This drama of the school thing had me so down for the earlier part of this week. We had our all inclusive meeting and I left it feeling like the worst tiger mother and so sad and inadequate.
The three women turned up late and unprepared, so it was a waste of time, as the could offer nothing in terms of the way forward. I found them to be patronising and uninformed.
I was so upset, I just cried and that continued up to yesterday. I have seriously been considering moving him to another school.
Moving schools is not a really feasible option for us because we really do not have the money to just move, and really that school is a very good school and it was a carefully considered decision when we chose that school for HB. All my feelings yesterday is a very unconsidered emotional response, not necessarily rational. The money we can make a plan, and that fact will not be the deciding factor. HB’s well being will always be the only factor.
The principal was not in the meeting, because I decided not to ask her, and escalate the whole thing to a level we could not resolve. Anyway, she did call me and we had a long chat.
I then decided, all caution to the wind, and I was frank with her that I feel the teacher is not giving him a chance to be himself, and he is has been forced into a label, and I feel that he cannot shake that label if he remains in that teacher’s class. I also said that we were considering moving schools, because this is all too much. I just feel my child needs to be given a chance to learn in his way and also, he is not in Grade 1 so can we please stop forcing that pressure onto him.
I was also clear that I think the teacher is not making an effort to assess him properly. I mentioned that we are paying for a private school for one on one attention for our child in the class, so I cannot accept it when the class teacher says she cannot give it to him.
The principal was very calming, objective and she was great to talk to. She invited us to observe in the class anytime we feel like it (not that I think that will help, because it is not as is we can do it secretly).

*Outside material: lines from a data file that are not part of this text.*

(* Under the standing assumptions below: (i) if $e\in S$, $f\in S_2$ and $ef=f$, then $e\in S_2$; (ii) $S_1\cdot S_1\subseteq S_1\cup S_0$.
   Context: Standing assumptions: $S$ is a semilattice (commutative semigroup of idempotents), $0\le\delta<0.03$, and $\theta:S\to M_2(\mathbb C)$ satisfies $\|\theta(e)\theta(f)-\theta(ef)\|_{HS}\le\delta$ for all $e,f\in S$, where $\|A\|_{HS}=(\operatorname{tr}(A^*A))^{1/2}$. For $k\in\{0,1,2\}$, $S_k=\{x\in S:\ |\operatorname{tr}\theta(x)-k|<0.95\}$; these sets are pairwise disjoint and cover $S$. *)

theory Defs
  imports "HOL-Analysis.Analysis"
begin

definition mtrace :: "complex^2^2 \<Rightarrow> complex" where
  "mtrace A = (\<Sum>i\<in>UNIV. A $ i $ i)"

text \<open>Hilbert-Schmidt (Frobenius) norm: sqrt(tr(A^* A)) = sqrt(sum of |a_ij|^2).\<close>
definition hs_norm :: "complex^2^2 \<Rightarrow> real" where
  "hs_norm A = sqrt (\<Sum>i\<in>UNIV. \<Sum>j\<in>UNIV. (cmod (A $ i $ j))\<^sup>2)"

definition Slev :: "('a \<Rightarrow> complex^2^2) \<Rightarrow> nat \<Rightarrow> 'a set" where
  "Slev \<theta> k = {x. cmod (mtrace (\<theta> x) - of_nat k) < 0.95}"

end

theory Submission
  imports Defs
begin

(* Call A almost idempotent if hs_norm (A ** A - A) <= delta < 3/100.  If u, v are the
   eigenvalues of A (a pair with u + v = trace A and u v = det A), then u^2 - u and
   v^2 - v are the eigenvalues of A ** A - A, and Schur's inequality bounds
   |u^2 - u|^2 + |v^2 - v|^2 by the squared Hilbert-Schmidt norm.  Hence each eigenvalue
   lies near 0 or 1, with total deviation below 1/20, so the trace of A is within 1/20
   of 0, 1 or 2.

   The key "absorption" lemma: if A, B are almost idempotent, A B ~ B and trace B is
   not far from 2, then trace A is within 1/20 of 2.  Both eigenvalues of B are near 1,
   so det B ~ 1 and, by Cayley-Hamilton, the entries of B are bounded.  Then
   det A det B = det (A B) ~ det B forces det A away from 0, which rules out an eigenvalue
   of A near 0.  Part (i) of the theorem is this lemma applied to theta e, theta f; part
   (ii) follows since trace theta (x y) near 2 would, by absorption with x (x y) = x y,
   put trace theta x near 2, contradicting x in S_1. *)

lemma hs_norm_sq:
  "(hs_norm A)^2 = cmod (A$1$1)^2 + cmod (A$1$2)^2 + cmod (A$2$1)^2 + cmod (A$2$2)^2"
  unfolding hs_norm_def sum_2 by simp

lemma hs_norm_nonneg: "0 \<le> hs_norm A"
  unfolding hs_norm_def by (simp add: sum_nonneg)

lemma entry_le_hs_norm: "cmod (A$i$j) \<le> hs_norm A"
proof -
  have "cmod (A$i$j)^2 \<le> (hs_norm A)^2"
    unfolding hs_norm_sq using exhaust_2[of i] exhaust_2[of j] by auto
  then show ?thesis by (rule power2_le_imp_le) (rule hs_norm_nonneg)
qed

lemma mtrace_2: "mtrace A = A$1$1 + A$2$2"
  unfolding mtrace_def sum_2 by simp

lemma matrix_mult_entry_2:
  "((A::complex^2^2) ** B) $ i $ j = A$i$1 * B$1$j + A$i$2 * B$2$j"
  by (simp add: matrix_matrix_mult_def sum_2)

lemma cayley_hamilton_entry:
  fixes B :: "complex^2^2"
  shows "(B ** B - B) $ i $ j = (mtrace B - 1) * B$i$j - (if i = j then det B else 0)"
  using exhaust_2[of i] exhaust_2[of j]
  by (auto simp: matrix_mult_entry_2 mtrace_2 det_2 algebra_simps)

definition eigpair :: "complex^2^2 \<Rightarrow> complex \<Rightarrow> complex \<Rightarrow> bool" where
  "eigpair A u v \<longleftrightarrow> u + v = mtrace A \<and> u * v = det A"

lemma eigpair_trace_det:
  assumes "eigpair A u v"
  shows "mtrace A = u + v" "det A = u * v"
  using assms unfolding eigpair_def by simp_all

lemma eigpair_exists: "\<exists>u v. eigpair A u v"
proof -
  define t where "t = mtrace A"
  define s where "s = csqrt (t^2 - 4 * det A)"
  have "s^2 = t^2 - 4 * det A" unfolding s_def by simp
  moreover have "((t + s) / 2) * ((t - s) / 2) = (t^2 - s^2) / 4"
    by (simp add: field_simps power2_eq_square)
  ultimately have "((t + s) / 2) * ((t - s) / 2) = det A" by simp
  moreover have "(t + s) / 2 + (t - s) / 2 = t" by (simp add: field_simps)
  ultimately show ?thesis unfolding eigpair_def t_def by blast
qed

lemma eigpair_sq_minus:
  assumes "eigpair A u v"
  shows "eigpair (A ** A - A) (u^2 - u) (v^2 - v)"
proof -
  have sum: "u + v = A$1$1 + A$2$2" and prod: "u * v = A$1$1 * A$2$2 - A$1$2 * A$2$1"
    using assms unfolding eigpair_def mtrace_2 det_2 by auto
  have "(u^2 - u) + (v^2 - v) = (u + v)^2 - 2 * (u * v) - (u + v)"
    by (simp add: power2_eq_square algebra_simps)
  moreover have "(u^2 - u) * (v^2 - v) = (u * v) * ((u * v) - (u + v) + 1)"
    by (simp add: power2_eq_square algebra_simps)
  ultimately show ?thesis
    unfolding eigpair_def mtrace_2 det_2 sum prod
    by (simp add: matrix_mult_entry_2 power2_eq_square algebra_simps)
qed

text \<open>Schur's inequality for 2x2 matrices: the eigenvalues are controlled by the
  Hilbert-Schmidt norm.\<close>
lemma eigpair_hs_bound:
  assumes "eigpair M u v"
  shows "cmod u ^ 2 + cmod v ^ 2 \<le> (hs_norm M)^2"
proof -
  have parallelogram: "cmod (a + b)^2 + cmod (a - b)^2 = 2 * (cmod a^2 + cmod b^2)" for a b :: complex
    by (simp only: cmod_power2) (simp add: power2_eq_square algebra_simps)
  have sum: "u + v = M$1$1 + M$2$2" and prod: "u * v = M$1$1 * M$2$2 - M$1$2 * M$2$1"
    using assms unfolding eigpair_def mtrace_2 det_2 by auto
  have diff: "(u - v)^2 = (M$1$1 - M$2$2)^2 + 4 * (M$1$2 * M$2$1)"
  proof -
    have "(u - v)^2 = (u + v)^2 - 4 * (u * v)" by (simp add: power2_eq_square algebra_simps)
    then show ?thesis unfolding sum prod by (simp add: power2_eq_square algebra_simps)
  qed
  have amgm: "4 * (x * y) \<le> 2 * x^2 + 2 * y^2" for x y :: real
    using zero_le_power2[of "x - y"] by (simp add: power2_eq_square algebra_simps)
  have "cmod (u - v)^2 = cmod ((M$1$1 - M$2$2)^2 + 4 * (M$1$2 * M$2$1))"
    by (simp add: norm_power diff[symmetric])
  also have "\<dots> \<le> cmod (M$1$1 - M$2$2)^2 + 4 * (cmod (M$1$2) * cmod (M$2$1))"
    using norm_triangle_ineq[of "(M$1$1 - M$2$2)^2" "4 * (M$1$2 * M$2$1)"]
    by (simp add: norm_power norm_mult)
  also have "\<dots> \<le> cmod (M$1$1 - M$2$2)^2 + 2 * cmod (M$1$2)^2 + 2 * cmod (M$2$1)^2"
    using amgm[of "cmod (M$1$2)" "cmod (M$2$1)"] by linarith
  finally have "2 * (cmod u^2 + cmod v^2)
      \<le> cmod (M$1$1 + M$2$2)^2 + cmod (M$1$1 - M$2$2)^2 + 2 * cmod (M$1$2)^2 + 2 * cmod (M$2$1)^2"
    using parallelogram[of u v] sum by simp
  also have "\<dots> = 2 * (hs_norm M)^2"
    unfolding hs_norm_sq parallelogram[of "M$1$1" "M$2$2"] by simp
  finally show ?thesis by simp
qed

section \<open>Spectrum of an almost idempotent matrix\<close>

lemma small_factor:
  fixes x y :: real
  assumes "0 \<le> x" "0 \<le> y" "1 \<le> x + y" "x * y \<le> 3/100"
  shows "min x y \<le> (50/47) * (x * y)"
proof -
  have key: "a \<le> (50/47) * (a * b)" if "0 \<le> a" "a \<le> b" "1 \<le> a + b" "a * b \<le> 3/100"
    for a b :: real
  proof -
    have "a * (1/2) \<le> a * b" using that by (intro mult_left_mono) auto
    then have "b \<ge> 47/50" using that by linarith
    then have "a * (47/50) \<le> a * b" using that(1) by (rule mult_left_mono)
    then show ?thesis by simp
  qed
  show ?thesis
    using key[of x y] key[of y x] assms by (cases "x \<le> y") (auto simp: mult.commute)
qed

lemma near_root_of_idempotency:
  fixes l :: complex
  assumes "cmod (l^2 - l) \<le> 3/100"
  shows "\<exists>n\<in>{0,1}. cmod (l - n) \<le> (50/47) * cmod (l^2 - l)"
proof -
  have factor: "cmod (l^2 - l) = cmod l * cmod (l - 1)"
    by (simp add: power2_eq_square norm_mult[symmetric] right_diff_distrib)
  have "1 \<le> cmod l + cmod (l - 1)"
    using norm_triangle_ineq4[of l "l - 1"] by simp
  with small_factor[of "cmod l" "cmod (l - 1)"] assms factor show ?thesis
    by (auto simp: min_def split: if_splits)
qed

lemma almost_idempotent_spectrum:
  fixes A :: "complex^2^2"
  assumes "hs_norm (A ** A - A) \<le> \<delta>" "\<delta> < 3/100"
  shows "\<exists>u v m n. eigpair A u v \<and> m \<in> {0,1} \<and> n \<in> {0,1}
           \<and> cmod (u - m) + cmod (v - n) < 1/20"
proof -
  obtain u v where uv: "eigpair A u v" using eigpair_exists by blast
  define a where "a = cmod (u^2 - u)"
  define b where "b = cmod (v^2 - v)"
  have "a^2 + b^2 \<le> (hs_norm (A ** A - A))^2"
    using eigpair_hs_bound[OF eigpair_sq_minus[OF uv]] unfolding a_def b_def .
  also have "\<dots> < (3/100)^2"
    using assms hs_norm_nonneg by (intro power_strict_mono) auto
  finally have ab: "a^2 + b^2 < (3/100)^2" .
  have "a^2 \<le> (3/100)^2" using ab zero_le_power2[of b] by linarith
  then have "a \<le> 3/100" by (rule power2_le_imp_le) simp
  then obtain m where m: "m \<in> {0,1}" "cmod (u - m) \<le> (50/47) * a"
    using near_root_of_idempotency[of u] unfolding a_def by blast
  have "b^2 \<le> (3/100)^2" using ab zero_le_power2[of a] by linarith
  then have "b \<le> 3/100" by (rule power2_le_imp_le) simp
  then obtain n where n: "n \<in> {0,1}" "cmod (v - n) \<le> (50/47) * b"
    using near_root_of_idempotency[of v] unfolding b_def by blast
  have "(a + b)^2 \<le> 2 * (a^2 + b^2)"
    using zero_le_power2[of "a - b"] by (simp add: power2_eq_square algebra_simps)
  also have "\<dots> < (17/400)^2" using ab by (simp add: power_divide)
  finally have "a + b < 17/400" by (rule power_less_imp_less_base) simp
  then have "cmod (u - m) + cmod (v - n) < 1/20" using m(2) n(2) by linarith
  with uv m(1) n(1) show ?thesis by blast
qed

lemma almost_idempotent_trace:
  fixes A :: "complex^2^2"
  assumes "hs_norm (A ** A - A) \<le> \<delta>" "\<delta> < 3/100"
  shows "\<exists>k\<in>{0,1,2}. cmod (mtrace A - k) < 1/20"
proof -
  obtain u v m n where uv: "eigpair A u v" "m \<in> {0,1}" "n \<in> {0,1}"
    "cmod (u - m) + cmod (v - n) < 1/20"
    using almost_idempotent_spectrum[OF assms] by blast
  have "mtrace A - (m + n) = (u - m) + (v - n)"
    unfolding eigpair_trace_det(1)[OF uv(1)] by simp
  then have "cmod (mtrace A - (m + n)) \<le> cmod (u - m) + cmod (v - n)"
    by (metis norm_triangle_ineq)
  then have "cmod (mtrace A - (m + n)) < 1/20" using uv(4) by linarith
  moreover have "m + n \<in> {0,1,2}" using uv(2,3) by auto
  ultimately show ?thesis by blast
qed

lemma almost_idempotent_trace_two:
  fixes B :: "complex^2^2"
  assumes "hs_norm (B ** B - B) \<le> \<delta>" "\<delta> < 3/100" "cmod (mtrace B - 2) < 19/20"
  shows "\<exists>u v. eigpair B u v \<and> cmod (u - 1) + cmod (v - 1) < 1/20"
proof -
  obtain u v m n where uv: "eigpair B u v" "m \<in> {0,1}" "n \<in> {0,1}"
    "cmod (u - m) + cmod (v - n) < 1/20"
    using almost_idempotent_spectrum[OF assms(1,2)] by blast
  have "m = 1 \<and> n = 1"
  proof (rule ccontr)
    assume "\<not> (m = 1 \<and> n = 1)"
    then have "1 \<le> cmod (m + n - 2)" using uv(2,3) by auto
    moreover have "m + n - 2 = (mtrace B - 2) - ((u - m) + (v - n))"
      unfolding eigpair_trace_det(1)[OF uv(1)] by simp
    then have "cmod (m + n - 2) \<le> cmod (mtrace B - 2) + (cmod (u - m) + cmod (v - n))"
      by (metis norm_triangle_ineq4 norm_triangle_ineq add_left_mono order_trans)
    ultimately show False using assms(3) uv(4) by linarith
  qed
  with uv show ?thesis by auto
qed

lemma eigpair_near_one:
  assumes "eigpair B u v" "cmod (u - 1) + cmod (v - 1) < 1/20"
  shows "cmod (det B - 1) \<le> 21/400" "cmod (mtrace B - 2) < 1/20"
proof -
  define a where "a = cmod (u - 1)"
  define b where "b = cmod (v - 1)"
  have ab: "0 \<le> a" "0 \<le> b" "a + b < 1/20" using assms(2) unfolding a_def b_def by auto
  have "det B - 1 = (u - 1) * (v - 1) + (u - 1) + (v - 1)"
    unfolding eigpair_trace_det(2)[OF assms(1)] by (simp add: algebra_simps)
  then have "cmod (det B - 1) \<le> a * b + a + b"
    unfolding a_def b_def
    by (metis norm_mult norm_triangle_ineq order_trans add_right_mono)
  moreover have "a * b \<le> (1/20) * (1/20)" using ab by (intro mult_mono) auto
  ultimately show "cmod (det B - 1) \<le> 21/400" using ab by linarith
  have "mtrace B - 2 = (u - 1) + (v - 1)"
    unfolding eigpair_trace_det(1)[OF assms(1)] by simp
  then show "cmod (mtrace B - 2) < 1/20"
    using norm_triangle_ineq[of "u - 1" "v - 1"] ab unfolding a_def b_def by simp
qed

I am glad I told the principal everything that has been going around in my head, because she helped putting it into perspective. She also knows that we are not going to sit back while our child is walked all over. I may have been totally out of line criticising the teacher, but I did say, it was my subjective view of the teacher, and I do realise that it is not necessarily a true reflection of the teacher. I was also clear that I felt that they are not helping and I wish they could provide more direction.
I have made enquiries to get a private evaluation for HB, but I have held off actually making the appointment. He has enough with all the testing and I think he needs to know he is good enough just the way he is. Even if he cannot read or whatever the teacher feels, he is good enough and is our darling child and we love him, and do not need for him to bend into a pretzel to fit into a mould.